1,3,4-Oxadiazole Contained Sesquiterpene Derivatives: Synthesis and Microbiocidal Activity for Plant Disease.

A series of 1,3,4-oxadiazole contained sesquiterpene derivatives were synthesized, and the activity of the target compounds against Xanthomonas oryzae pv. oryzae (Xoo), Xanthomonas axonopodis pv. citri (Xac), and tobacco mosaic virus (TMV) were evaluated. The biological activity results showed that the EC50 values of compounds H4, H8, H11, H12, H14, H16, and H19 for Xac inhibitory activity were 33.3, 42.7, 56.1, 74.5, 37.8, 43.8, and 38.4 µg/ml, respectively. Compounds H4, H8, H15, H19, H22, and H23 had inhibitory effects on Xoo, with EC50 values of 51.0, 43.3, 43.4, 50.5, 74.6, and 51.4 µg/ml, respectively. In particular, the curative and protective activities of compound H8 against Xoo in vivo were 51.9 and 49.3%, respectively. In addition, the EC50 values of the inactivation activity of compounds H4, H5, H9, H10, and H16 against TMV were 69.6, 58.9, 69.4, 43.9, and 60.5 µg/ml, respectively. The results of molecular docking indicated that compound H10 exhibited a strong affinity for TMV-coat protein, with a binding energy of -8.88 kcal/mol. It may inhibit the self-assembly and replication of TMV particles and have an anti-TMV effect, which supports its potential usefulness as an antiviral agent.

Hydrazone modification of non-food natural product sclareolide as potential agents for plant disease.

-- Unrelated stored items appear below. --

lemma det_frame_matrix_nonzero:
  fixes X Y :: "'n::finite \<Rightarrow> 'n phase"
  assumes "span (range X) = L" "span (range Y) = W" "W \<inter> L = {0}"
    and "dim L = CARD('n)" "dim W = CARD('n)"
  shows "det (frame_matrix X Y) \<noteq> 0"
proof -
  have "c = 0" if Mc: "frame_matrix X Y *v c = 0" for c
  proof -
    let ?x = "\<Sum>i\<in>UNIV. c $ Inl i *\<^sub>R X i" and ?y = "\<Sum>i\<in>UNIV. c $ Inr i *\<^sub>R Y i"
    have "?x \<in> L" unfolding assms(1)[symmetric] by (intro span_sum span_scale span_base) auto
    moreover have "?x \<in> W"
      unfolding frame_matrix_vector_eq_0[OF Mc] assms(2)[symmetric]
      by (intro span_neg span_sum span_scale span_base) auto
    ultimately have x0: "?x = 0" using assms(3) by blast
    then have y0: "?y = 0" using frame_matrix_vector_eq_0[OF Mc] by simp
    have "c $ Inl i = 0" for i
      by (rule independent_range_coeffs_zero[OF frame_inj_independent[OF assms(4,1)] x0])
    moreover have "c $ Inr i = 0" for i
      by (rule independent_range_coeffs_zero[OF frame_inj_independent[OF assms(5,2)] y0])
    ultimately show "c = 0" unfolding vec_eq_iff by (metis sum.exhaust zero_index)
  qed
  then have "inj ((*v) (frame_matrix X Y))"
    unfolding linear_injective_0[OF matrix_vector_mul_linear] by blast
  then show ?thesis using det_nz_iff_inj[OF matrix_vector_mul_linear[of "frame_matrix X Y"]]
    by (simp add: matrix_of_matrix_vector_mul)
qed

definition cramer_solution :: "real^'m^'m \<Rightarrow> real^'m \<Rightarrow> real^'m" where
  "cramer_solution A b = (\<chi> q. det (\<chi> i j. if j = q then b $ i else A $ i $ j) / det A)"

lemma cramer_solution: "det A \<noteq> 0 \<Longrightarrow> A *v cramer_solution A b = b"
  using cramer[of A "cramer_solution A b" b] unfolding cramer_solution_def by simp

lemma Ck_cramer_solution:
  fixes A :: "real \<Rightarrow> real^'m::finite^'m"
  assumes "\<forall>t\<in>U. det (A t) \<noteq> 0" "\<And>i j. Ck k U (\<lambda>t. A t $ i $ j)"
  shows "Ck k U (\<lambda>t. cramer_solution (A t) b $ q)"
proof -
  have "Ck k U (\<lambda>t. (\<chi> i j. if j = q then b $ i else A t $ i $ j) $ i $ j)" for i j
    by (cases "j = q") (simp_all add: Ck_const assms(2))
  then have "Ck k U (\<lambda>t. det (\<chi> i j. if j = q then b $ i else A t $ i $ j))" by (rule Ck_det)
  then show ?thesis
    unfolding cramer_solution_def using Ck_divide[OF assms(1) _ Ck_det[OF assms(2)]] by simp
qed

text \<open>When the frame matrix is invertible, every \<open>v\<close> splits uniquely as a vector of
  \<open>L = span (range X)\<close> minus a vector of \<open>W = span (range Y)\<close>; Cramer's rule gives
  the \<open>W\<close>-part explicitly.\<close>

definition frame_graph :: "('n::finite \<Rightarrow> 'n phase) \<Rightarrow> ('n \<Rightarrow> 'n phase) \<Rightarrow> 'n phase \<Rightarrow> 'n phase" where
  "frame_graph X Y v = - (\<Sum>i\<in>UNIV. cramer_solution (frame_matrix X Y) (coord v) $ Inr i *\<^sub>R Y i)"

lemma frame_matrix_graph:
  fixes X Y :: "'n::finite \<Rightarrow> 'n phase" and v :: "'n phase"
  assumes "det (frame_matrix X Y) \<noteq> 0" "span (range X) = L" "span (range Y) = W"
  defines "w \<equiv> frame_graph X Y v"
  shows "w \<in> W" "v + w \<in> L" "\<And>w'. w' \<in> W \<Longrightarrow> v + w' \<in> L \<Longrightarrow> w' = w"
proof -
  let ?M = "frame_matrix X Y"
  let ?c = "cramer_solution ?M (coord v)"
  have inj: "inj ((*v) ?M)"
    using det_nz_iff_inj[OF matrix_vector_mul_linear[of ?M]] assms(1)
    by (simp add: matrix_of_matrix_vector_mul)
  show W: "w \<in> W" unfolding w_def frame_graph_def assms(3)[symmetric]
    by (intro span_neg span_sum span_scale span_base) auto
  have "coord ((\<Sum>i\<in>UNIV. ?c $ Inl i *\<^sub>R X i) + (\<Sum>i\<in>UNIV. ?c $ Inr i *\<^sub>R Y i)) = coord v"
    using cramer_solution[OF assms(1)] unfolding frame_matrix_mult by metis
  then have "v + w = (\<Sum>i\<in>UNIV. ?c $ Inl i *\<^sub>R X i)"
    unfolding w_def frame_graph_def by (auto dest: coord_inj simp: algebra_simps)
  moreover have "(\<Sum>i\<in>UNIV. ?c $ Inl i *\<^sub>R X i) \<in> span (range X)"
    by (intro span_sum span_scale span_base) auto
  ultimately show L: "v + w \<in> L" using assms(2) by simp
  fix w' assume w': "w' \<in> W" "v + w' \<in> L"
  have "subspace L" "subspace W" using subspace_span unfolding assms(2,3)[symmetric] by blast+
  then have "(v + w') - (v + w) \<in> span (range X)" "w' - w \<in> span (range Y)"
    using subspace_diff L W w' unfolding assms(2,3) by blast+
  then obtain a where a: "w' - w = (\<Sum>i\<in>UNIV. a i *\<^sub>R X i)" by (auto elim: span_range_sum)
  from \<open>w' - w \<in> span (range Y)\<close> obtain b where b: "w' - w = (\<Sum>i\<in>UNIV. b i *\<^sub>R Y i)" by (rule span_range_sum)
  define d :: "real^('n+'n)" where "d = (\<chi> s. case s of Inl i \<Rightarrow> a i | Inr i \<Rightarrow> - b i)"
  have "?M *v d = coord ((\<Sum>i\<in>UNIV. a i *\<^sub>R X i) - (\<Sum>i\<in>UNIV. b i *\<^sub>R Y i))"
    unfolding frame_matrix_mult d_def by (simp add: sum_negf)
  also have "\<dots> = 0" using a b by simp
  finally have "d = 0" using inj linear_injective_0[OF matrix_vector_mul_linear[of ?M]] by simp
  then have "a i = 0" for i unfolding d_def vec_eq_iff by (metis sum.case(1) vec_lambda_beta zero_index)
  then show "w' = w" using a by simp
qed

locale graph_chart =
  fixes W :: "'n::finite phase set" and l :: "real \<Rightarrow> 'n phase set" and U :: "real set" and k :: nat
  assumes open_U: "open U"
    and lagrangian_W: "lagrangian W"
    and lagrangian_l: "\<And>t. t \<in> U \<Longrightarrow> lagrangian (l t)"
    and graph_unique: "\<And>t v. t \<in> U \<Longrightarrow> \<exists>!w. w \<in> W \<and> v + w \<in> l t"
    and smooth: "\<And>u v. Ck k U (\<lambda>t. omega u (graph_map W l t v))"
begin

lemma graph_map:
  assumes "t \<in> U"
  shows "graph_map W l t v \<in> W" "v + graph_map W l t v \<in> l t"
  using theI'[OF graph_unique[OF assms, of v]] unfolding graph_map_def by blast+

lemma graph_map_eqI: "t \<in> U \<Longrightarrow> w \<in> W \<Longrightarrow> v + w \<in> l t \<Longrightarrow> graph_map W l t v = w"
  unfolding graph_map_def by (rule the1_equality[OF graph_unique]) auto

lemma linear_graph_map:
  assumes "t \<in> U"
  shows "linear (graph_map W l t)"
proof -
  have W: "subspace W" and L: "subspace (l t)"
    using lagrangian_W lagrangian_l[OF assms] by (simp_all add: lagrangian_subspace)
  show ?thesis unfolding linear_iff
  proof (intro allI conjI)
    fix x y
    have eq: "(x + y) + (graph_map W l t x + graph_map W l t y)
        = (x + graph_map W l t x) + (y + graph_map W l t y)" by (simp add: algebra_simps)
    have "(x + y) + (graph_map W l t x + graph_map W l t y) \<in> l t"
      unfolding eq by (rule subspace_add[OF L graph_map(2)[OF assms] graph_map(2)[OF assms]])
    moreover have "graph_map W l t x + graph_map W l t y \<in> W"
      using subspace_add[OF W graph_map(1)[OF assms] graph_map(1)[OF assms]] .
    ultimately show "graph_map W l t (x + y) = graph_map W l t x + graph_map W l t y"
      by (intro graph_map_eqI[OF assms])
  next
    fix c x
    have "c *\<^sub>R x + c *\<^sub>R graph_map W l t x \<in> l t"
      using subspace_scale[OF L graph_map(2)[OF assms]] by (simp add: scaleR_add_right)
    moreover have "c *\<^sub>R graph_map W l t x \<in> W" using subspace_scale[OF W graph_map(1)[OF assms]] .
    ultimately show "graph_map W l t (c *\<^sub>R x) = c *\<^sub>R graph_map W l t x"
      by (intro graph_map_eqI[OF assms])
  qed
qed

lemma graph_map_eq_0: "t \<in> U \<Longrightarrow> v \<in> l t \<Longrightarrow> graph_map W l t v = 0"
  using subspace_0[OF lagrangian_subspace[OF lagrangian_W]] by (intro graph_map_eqI) auto

text \<open>Expand \<open>\<omega>(u + A u, v + A v) = 0\<close>, using that \<open>l t0\<close>, \<open>l t\<close> and \<open>W\<close> are Lagrangian.\<close>

lemma graph_map_symmetric:
  assumes "t0 \<in> U" "t \<in> U" "u \<in> l t0" "v \<in> l t0"
  shows "omega u (graph_map W l t v) = omega v (graph_map W l t u)"
proof -
  let ?A = "graph_map W l t"
  have "omega (u + ?A u) (v + ?A v) = 0"
    using lagrangian_l[OF assms(2)] graph_map(2)[OF assms(2)] unfolding lagrangian_def by blast
  moreover have "omega u v = 0" using lagrangian_l[OF assms(1)] assms(3,4) unfolding lagrangian_def by blast
  moreover have "omega (?A u) (?A v) = 0"
    using lagrangian_W graph_map(1)[OF assms(2)] unfolding lagrangian_def by blast
  moreover have "omega (?A u) v = - omega v (?A u)" by (rule omega_antisym)
  ultimately show ?thesis
    by (simp add: bilinear_ladd[OF bilinear_omega] bilinear_radd[OF bilinear_omega])
qed

end

lemma frame_matrix_Ck:
  assumes "\<forall>i. \<forall>e\<in>(Basis :: 'n::finite phase set). Ck_on k {a..b} (\<lambda>t. X t i \<bullet> e)"
  shows "Ck k {a<..<b} (\<lambda>t. frame_matrix (X t) Y $ r $ s)"
proof (cases s)
  case (Inl i)
  have "Ck_on k {a..b} (\<lambda>t. X t i \<bullet> phase_basis r)" using assms phase_basis_in_Basis by blast
  then show ?thesis using Inl Ck_on_imp_Ck unfolding frame_matrix_def by simp
next
  case (Inr i)
  then show ?thesis unfolding frame_matrix_def by (simp add: Ck_const)
qed

lemma Ck_omega_frame_graph:
  assumes "\<forall>t\<in>U. det (frame_matrix (X t) Y) \<noteq> 0" "\<And>r s. Ck k U (\<lambda>t. frame_matrix (X t) Y $ r $ s)"
  shows "Ck k U (\<lambda>t. omega u (frame_graph (X t) Y v))"
proof -
  have "omega u (frame_graph (X t) Y v)
      = - (\<Sum>i\<in>UNIV. cramer_solution (frame_matrix (X t) Y) (coord v) $ Inr i * omega u (Y i))" for t
    unfolding frame_graph_def
    by (simp add: linear_neg[OF linear_omega_right] linear_sum[OF linear_omega_right]
        linear_scale[OF linear_omega_right])
  moreover have "Ck k U (\<lambda>t. - (\<Sum>i\<in>UNIV. cramer_solution (frame_matrix (X t) Y) (coord v) $ Inr i * omega u (Y i)))"
    by (intro Ck_uminus Ck_sum Ck_mult Ck_cramer_solution[OF assms] Ck_const) auto
  ultimately show ?thesis by simp
qed

lemma graph_chart_of_frames:
  assumes "open U" "lagrangian W" "span (range Y) = W"
    and frames: "\<And>t. t \<in> U \<Longrightarrow> lagrangian (l t) \<and> span (range (X t)) = l t \<and> det (frame_matrix (X t) Y) \<noteq> 0"
    and "\<And>r s. Ck k U (\<lambda>t. frame_matrix (X t) Y $ r $ s)"
  shows "graph_chart W l U k"
proof
  show "open U" "lagrangian W" by fact+
  fix t assume "t \<in> U"
  note fg = frame_matrix_graph[OF _ _ assms(3)] frames[OF \<open>t \<in> U\<close>]
  show "lagrangian (l t)" using fg by blast
  show "\<exists>!w. w \<in> W \<and> v + w \<in> l t" for v using fg by metis
next
  have graph_eq: "graph_map W l t v = frame_graph (X t) Y v" if "t \<in> U" for t v
    using frame_matrix_graph[OF _ _ assms(3), where v = v] frames[OF that]
    unfolding graph_map_def by (intro the_equality) blast+
  have Ck_frame: "Ck k U (\<lambda>t. omega u (frame_graph (X t) Y v))" for u v
    using frames assms(5) by (intro Ck_omega_frame_graph) auto
  show "Ck k U (\<lambda>t. omega u (graph_map W l t v))" for u v
    by (rule Ck_cong[OF assms(1) _ Ck_frame[of u v]]) (simp add: graph_eq)
qed

text \<open>Near \<open>t0\<close> the frame matrix built from the frame of \<open>l t\<close> and a fixed frame of \<open>W\<close>
  stays invertible, since its determinant is continuous and nonzero at \<open>t0\<close> by transversality.\<close>

lemma graph_chart_exists:
  fixes l :: "real \<Rightarrow> 'n::finite phase set"
  assumes "lagr_path_Ck k a b l" "t0 \<in> {a<..<b}" "lagrangian W" "W \<inter> l t0 = {0}"
  obtains U where "t0 \<in> U" "graph_chart W l U k"
proof -
  obtain X :: "real \<Rightarrow> 'n \<Rightarrow> 'n phase" where lag: "\<forall>t\<in>{a..b}. lagrangian (l t)"
    and X: "\<forall>t\<in>{a..b}. l t = span (range (X t))"
    and XCk: "\<forall>i. \<forall>e\<in>(Basis :: 'n phase set). Ck_on k {a..b} (\<lambda>t. X t i \<bullet> e)"
    using assms(1) unfolding lagr_path_Ck_def by blast
  obtain Y :: "'n \<Rightarrow> 'n phase" where Y: "span (range Y) = W"
    using frame_exists assms(3) unfolding lagrangian_def by blast
  let ?d = "\<lambda>t. det (frame_matrix (X t) Y)"
  have MCk: "Ck k {a<..<b} (\<lambda>t. frame_matrix (X t) Y $ r $ s)" for r s
    by (rule frame_matrix_Ck[OF XCk])
  define U where "U = ?d -` (- {0}) \<inter> {a<..<b}"
  have "t0 \<in> {a..b}" using assms(2) by simp
  then have "?d t0 \<noteq> 0"
    using det_frame_matrix_nonzero[OF X[rule_format, symmetric] Y assms(4)] lag assms(3)
    unfolding lagrangian_def by blast
  then have "t0 \<in> U" unfolding U_def using assms(2) by simp
  moreover have "graph_chart W l U k"
  proof (rule graph_chart_of_frames[OF _ assms(3) Y])
    have "continuous_on {a<..<b} ?d" by (rule Ck_cont[OF Ck_det[OF MCk]])
    then show "open U" unfolding U_def
      using continuous_on_open_vimage[of "{a<..<b}" ?d] by (simp add: open_Compl)
    show "lagrangian (l t) \<and> span (range (X t)) = l t \<and> ?d t \<noteq> 0" if "t \<in> U" for t
      using that lag X unfolding U_def by auto
    show "Ck k U (\<lambda>t. frame_matrix (X t) Y $ r $ s)" for r s
      using Ck_subset[OF _ MCk] unfolding U_def by blast
  qed
  ultimately show ?thesis using that by blast
qed
(* For every odd integer $d\ge 3$ there exists a generalized bicycle code with parameters $[[d^2+1,2,d]]$ which is $(2,4)$-regular. Moreover, for every such $d$ except $d=3$, this code is degenerate, having non-identity stabilizers of weight $4<d$.
   Context: For $a(x),b(x)\in R_n=\mathbb{F}_2[x]/\langle x^n-1\rangle$, the generalized bicycle (GB) code is the CSS code on $2n$ qubits whose X-check matrix $H_X$ has rows $x^i(a(x),b(x))$, $0\le i\le n-1$, and whose Z-check matrix $H_Z$ has rows $x^i(b(x^{-1}),a(x^{-1}))$ (vectors of $\mathbb{F}_2^{2n}$ written as pairs of polynomials, $x^{-1}=x^{n-1}$); its dimension is $2n-\mathrm{rank}H_X-\mathrm{rank}H_Z$ and its minimum distance is the minimum weight of a Pauli operator commuting with all stabilizers but not in the stabilizer group. The code is $(2,4)$-regular if every row of $H_X$ and $H_Z$ has weight 4 and every column has weight 2. A code of minimum distance $d$ is degenerate if its stabilizer group contains a non-identity element of weight less than $d$. $[[N,K,D]]$: $N$ physical qubits, $K$ logical qubits, distance $D$. *)

theory Defs
  imports Main "HOL-Library.Z2"
begin

text \<open>An element a(x) of R_n = F_2[x]/(x^n - 1) is given by its coefficient
  function (coefficient of x^k for k < n, zero for k >= n).\<close>

definition f2vec :: "nat \<Rightarrow> (nat \<Rightarrow> bit) set" where
  "f2vec N = {v. \<forall>j\<ge>N. v j = 0}"

definition ring_elem :: "nat \<Rightarrow> (nat \<Rightarrow> bit) \<Rightarrow> bool" where
  "ring_elem n a \<longleftrightarrow> a \<in> f2vec n"

text \<open>Row i of H_X: x^i (a(x), b(x)); coordinates 0..n-1 first block, n..2n-1 second.\<close>
definition hx_row :: "nat \<Rightarrow> (nat \<Rightarrow> bit) \<Rightarrow> (nat \<Rightarrow> bit) \<Rightarrow> nat \<Rightarrow> nat \<Rightarrow> bit" where
  "hx_row n a b i j =
     (if j < n then a (nat ((int j - int i) mod int n))
      else if j < 2*n then b (nat ((int (j - n) - int i) mod int n))
      else 0)"

text \<open>Row i of H_Z: x^i (b(x^{-1}), a(x^{-1})).\<close>
definition hz_row :: "nat \<Rightarrow> (nat \<Rightarrow> bit) \<Rightarrow> (nat \<Rightarrow> bit) \<Rightarrow> nat \<Rightarrow> nat \<Rightarrow> bit" where
  "hz_row n a b i j =
     (if j < n then b (nat ((int i - int j) mod int n))
      else if j < 2*n then a (nat ((int i - int (j - n)) mod int n))
      else 0)"

definition f2span :: "(nat \<Rightarrow> bit) set \<Rightarrow> (nat \<Rightarrow> bit) set" where
  "f2span S = {(\<lambda>j. \<Sum>r\<in>R. r j) | R. finite R \<and> R \<subseteq> S}"
(* Let $n\geq2$. As $E$-modules, $\tilde{H}^\ast(BSO(2n))\cong\tilde{H}^\ast(BSO(2n-1))\oplus\tilde{H}^\ast(MSO_{2n})$, where $MSO_{2n}$ is the Thom space of the universal oriented $2n$-plane bundle over $BSO(2n)$.
   Context: Cohomology is with $\mathbb{Z}/2$ coefficients. $E=\mathbb{Z}/2\langle Q_0,Q_1\rangle$ is the exterior subalgebra of the mod 2 Steenrod algebra generated by the Milnor primitives $Q_0=Sq^1$ and $Q_1=Sq^3+Sq^2Sq^1$, acting on cohomology via Steenrod operations. $H^\ast(BSO(m))=\mathbb{Z}/2[\widehat{\omega_2},\dots,\widehat{\omega_m}]$ with $\widehat{\omega_i}$ the Stiefel–Whitney classes. *)

theory Defs
  imports Main "HOL-Library.Poly_Mapping" "HOL-Library.Z2"
begin

text \<open>Polynomials over Z/2 in variables w_i (i a natural number); a monomial is a
  finitely supported exponent function nat to nat.\<close>

type_synonym mono = "nat \<Rightarrow>\<^sub>0 nat"
type_synonym zpoly = "mono \<Rightarrow>\<^sub>0 bit"

definition var :: "nat \<Rightarrow> zpoly" where
  "var i = Poly_Mapping.single (Poly_Mapping.single i 1) 1"

definition const :: "bit \<Rightarrow> zpoly" where
  "const c = Poly_Mapping.single 0 c"

definition mdeg :: "mono \<Rightarrow> nat" where
  "mdeg m = (\<Sum>i\<in>Poly_Mapping.keys m. i * Poly_Mapping.lookup m i)"

definition homog :: "nat \<Rightarrow> zpoly \<Rightarrow> bool" where
  "homog d p \<longleftrightarrow> (\<forall>m\<in>Poly_Mapping.keys p. mdeg m = d)"

definition hpart :: "nat \<Rightarrow> zpoly \<Rightarrow> zpoly" where
  "hpart d p = (\<Sum>m\<in>{m\<in>Poly_Mapping.keys p. mdeg m = d}. Poly_Mapping.single m (Poly_Mapping.lookup p m))"

definition subst :: "(nat \<Rightarrow> zpoly) \<Rightarrow> zpoly \<Rightarrow> zpoly" where
  "subst f p = (\<Sum>m\<in>Poly_Mapping.keys p. const (Poly_Mapping.lookup p m) * (\<Prod>i\<in>Poly_Mapping.keys m. f i ^ Poly_Mapping.lookup m i))"

text \<open>H^*(BSO(N)) = Z/2[w_2,...,w_N]: polynomials in the variables 2..N\<close>
definition HBSO :: "nat \<Rightarrow> zpoly set" where
  "HBSO N = {p. \<forall>m\<in>Poly_Mapping.keys p. Poly_Mapping.keys m \<subseteq> {2..N}}"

Plant diseases and their drug resistance pose a serious threat to agricultural production. One way to solve this problem is to discover new and efficient botanical pesticides. Herein, a series of novel hydrazide-hydrazone-containing sesquiterpenoid derivatives were synthesized by simply modifying the structure of the non-food natural product sclareolide. The biological activity results illustrated that compared to ningnanmycin (39.2 µg/mL), compound Z28 had the highest antiviral activity against tobacco mosaic virus (TMV), and the concentration for 50% of maximal effect (EC50) of its inactivation activity was 38.7 µg/mL, followed by compound Z14 (40.6 µg/mL). Transmission electron microscopy (TEM) demonstrated that TMVs treated with compounds Z14 and Z28 were broken into rods of different lengths, and their external morphology was fragmented or even severely fragmented. Autodocking and molecular dynamics (MD) simulations indicated that compound Z28 had a strong affinity for tobacco mosaic virus coat protein (TMV-CP), with a higher binding energy of -8.25 kcal/mol compared to ningnanmycin (-6.79 kcal/mol). The preliminary mechanism revealed that compound Z28 can achieve an antiviral effect by targeting TMV-CP, rendering TMV unable to self-assemble and replicate, and might be a candidate for a novel plant antiviral agent. Furthermore, the curative and protective activities of compound Z22 (EC50 = 16.1 µg/mL) against rice bacterial blight were 51.3% and 50.8%, respectively. Its control effect was better than that of bismerthiazol (BT) and thiadiazole copper (TC), compound Z22 that can be optimized as an active molecule.